Stored data entries
********

lemma grid_nodes:
  assumes F: "finite (F :: 'a::comm_ring_1 set)"
  obtains cs where "distinct cs" "set cs \<subseteq> vecs n"
    "\<And>v. v \<in> PiE {..<n} (\<lambda>_. F) \<Longrightarrow> \<exists>c\<in>set cs. \<forall>i<n. c i = v i"
proof -
  define C where "C = (\<lambda>v i. if i < n then v i else (0::'a)) ` PiE {..<n} (\<lambda>_. F)"
  have "finite C" unfolding C_def using F by (intro finite_imageI finite_PiE) auto
  then obtain cs where cs: "set cs = C" "distinct cs" using finite_distinct_list by blast
  have "set cs \<subseteq> vecs n"
  proof
    fix c assume "c \<in> set cs"
    then obtain v where "c = (\<lambda>i. if i < n then v i else 0)" unfolding cs(1) C_def by blast
    then show "c \<in> vecs n" unfolding vecs_def by simp
  qed
  moreover have "\<exists>c\<in>set cs. \<forall>i<n. c i = v i" if "v \<in> PiE {..<n} (\<lambda>_. F)" for v
  proof (rule bexI)
    show "(\<lambda>i. if i < n then v i else 0) \<in> set cs" unfolding cs(1) C_def using that by (rule imageI)
  qed simp
  ultimately show ?thesis using cs(2) that by blast
qed

text \<open>A local map agrees on A^n with the Boolean interpolation of its values at the grid
  nodes: delta_c(x) identifies f x with f c, and the residual piece is empty.\<close>
lemma local_map_eq_interp:
  fixes f :: "(nat \<Rightarrow> 'a::comm_ring_1) \<Rightarrow> (nat \<Rightarrow> 'a)"
  assumes reg: "regular_ring TYPE('a)" and loc: "local_map n m f"
    and F: "finite F" and cover: "covered_by F"
    and N: "N \<ge> 1" and idem: "\<And>y::'a. y ^ N * y ^ N = y ^ N"
    and cs: "distinct cs" "set cs \<subseteq> vecs n"
    and nodes: "\<And>v. v \<in> PiE {..<n} (\<lambda>_. F) \<Longrightarrow> \<exists>c\<in>set cs. \<forall>i<n. c i = v i"
    and x: "x \<in> vecs n" and j: "j < m"
  shows "f x j = interp (point_indicator N n) (\<lambda>c. f c j) cs x"
proof -
  let ?\<delta> = "point_indicator N n"
  have "?\<delta> c x * (f x j - f c j) = 0" if "c \<in> set cs" for c
  proof (rule local_mapD[OF loc x _ _ j])
    show "c \<in> vecs n" using cs(2) that by (rule subsetD)
    show "?\<delta> c x * (x i - c i) = 0" if "i < n" for i
      using that by (rule point_indicator_annihilates[OF reg idem])
  qed
  then have "prod_list (map (\<lambda>c. 1 - ?\<delta> c x) cs) * f x j + interp ?\<delta> (\<lambda>c. f c j) cs x = f x j"
    by (intro interp_eq[of cs ?\<delta> x]) blast
  moreover have "prod_list (map (\<lambda>c. 1 - ?\<delta> c x) cs) = (\<Prod>c\<in>set cs. 1 - ?\<delta> c x)"
    by (rule prod.distinct_set_conv_list[OF cs(1), symmetric])
  moreover have "(\<Prod>c\<in>set cs. 1 - ?\<delta> c x) = 0"
    by (rule point_indicators_cover[OF F cover N finite_set nodes])
  ultimately show ?thesis by simp
qed
(* Let $k=k(n)$ be integers with $1\le k=O(\log n)$, let $h(n)=o(n/\log^2 n)$ and let $\zeta(n)=o(2^{-k(n)})$. Then there is $n_0$ such that for all $n\ge n_0$ and every $X\subseteq Q=\{0,1\}^n$ with $\mu(X)\ge \exp[-h(n)]$, if $C$ is a uniformly random $k$-clause on $x_1,\dots,x_n$ then $$\Pr\big(\mu(C\wedge X)>(1-\zeta(n))\mu(X)\big)<1/2,$$ where $C\wedge X=\{x\in X: C(x)=1\}$.
   Context: $Q=\{0,1\}^n$ with uniform probability measure $\mu$. A uniformly random $k$-clause on $x_1,\dots,x_n$ is obtained by choosing a $k$-subset $K\subseteq[n]$ uniformly at random and a vector $g\in\{0,1\}^K$ uniformly at random; the clause is the Boolean function $C(x)=1$ iff $x_j=g_j$ for some $j\in K$. *)

theory Defs
  imports Complex_Main "HOL-Library.FuncSet" "HOL-Library.Landau_Symbols"
begin

text \<open>The cube Q = {0,1}^n, coordinates indexed by 0..n-1 (x_1..x_n in the paper).\<close>
definition cube :: "nat \<Rightarrow> (nat \<Rightarrow> bool) set" where
  "cube n = {..<n} \<rightarrow>\<^sub>E (UNIV :: bool set)"

definition mu :: "nat \<Rightarrow> (nat \<Rightarrow> bool) set \<Rightarrow> real" where
  "mu n X = real (card (X \<inter> cube n)) / 2 ^ n"

text \<open>A k-clause is a pair (K,g): K a k-subset of the coordinates, g a 0/1 vector on K.
  A uniformly random k-clause = uniform K, then uniform g, i.e. uniform over these pairs.\<close>
definition clauses :: "nat \<Rightarrow> nat \<Rightarrow> (nat set \<times> (nat \<Rightarrow> bool)) set" where
  "clauses n k = {(K, g). K \<subseteq> {..<n} \<and> card K = k \<and> g \<in> K \<rightarrow>\<^sub>E (UNIV :: bool set)}"

definition clause_val :: "nat set \<times> (nat \<Rightarrow> bool) \<Rightarrow> (nat \<Rightarrow> bool) \<Rightarrow> bool" where
  "clause_val C x = (\<exists>j\<in>fst C. x j = snd C j)"

definition clause_and :: "nat set \<times> (nat \<Rightarrow> bool) \<Rightarrow> (nat \<Rightarrow> bool) set \<Rightarrow> (nat \<Rightarrow> bool) set" where
  "clause_and C X = {x \<in> X. clause_val C x}"

definition clause_prob :: "nat \<Rightarrow> nat \<Rightarrow> (nat set \<times> (nat \<Rightarrow> bool) \<Rightarrow> bool) \<Rightarrow> real" where
  "clause_prob n k P = real (card {C \<in> clauses n k. P C}) / real (card (clauses n k))"

end

theory Submission
  imports Defs "HOL-Real_Asymp.Real_Asymp"
begin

********

• WHAT NEEDS TO BE DONE: Determine how many lines in the data include the word "moreover". Answer with that number alone.

• RESULT OF THIS TASK: 3